• **To do**:
Go through the data line by line. Copy each one holding the string "have".

• **Data for this exercise**:

lemma restrict_max_move_optimal:
  fixes G :: "('l::finite,'c::finite,'a::finite) move set"
  assumes TA: "timed_automaton k \<T>"
    and G_sub: "G \<subseteq> region_moves k \<T> Lmin"
    and min_choiceless: "\<forall>R\<in>Rmin k \<T> Lmin. choiceless G R"
    and chi_strat: "max_strategy k \<T> Lmin G \<chi>"
    and chi_const: "max_reg_const k \<T> Lmin \<chi>"
    and Choose: "\<forall>X. X \<noteq> {} \<longrightarrow> Choose X \<in> X"
    and improve_fix: "\<forall>s\<in>Smax \<T> Lmin. Improve_max Choose k \<T> G \<chi> T D s = \<chi> s"
    and s: "s \<in> St \<T>"
    and m: "m \<in> restrict_max k \<T> Lmin G \<chi>" "fst m = reg_of k s"
  shows "m \<in> Mstar k \<T> G T D s"
proof -
  have s_in: "s \<in> reg_of k s"
    using state_in_own_region TA s by blast
  have mG: "m \<in> G"
    using m(1) restrict_max_sub by blast
  show ?thesis
  proof (cases "fst s \<in> Lmin")
    case True
    then have "choiceless G (reg_of k s)"
      using restrict_max_from_Min[OF m(1)] m(2) s_in min_choiceless by auto
    then show ?thesis
      using choiceless_Mstar mG m(2) by blast
  next
    case False
    then have s_Max: "s \<in> Smax \<T> Lmin"
      using s by (simp add: Smax_def)
    have "Mstar k \<T> G T D s \<noteq> {}"
      using Mstar_nonempty finite_moves_from[OF G_sub] mG m(2) by blast
    then show ?thesis
      using improve_fixpoint_Mstar improve_fix Choose s_Max
        restrict_max_from_Max[OF chi_strat chi_const m s_Max s_in] by blast
  qed
qed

• **Response to the exercise**:
  have s_in: "s \<in> reg_of k s"
  have mG: "m \<in> G"
    then have "choiceless G (reg_of k s)"
    then have s_Max: "s \<in> Smax \<T> Lmin"
    have "Mstar k \<T> G T D s \<noteq> {}"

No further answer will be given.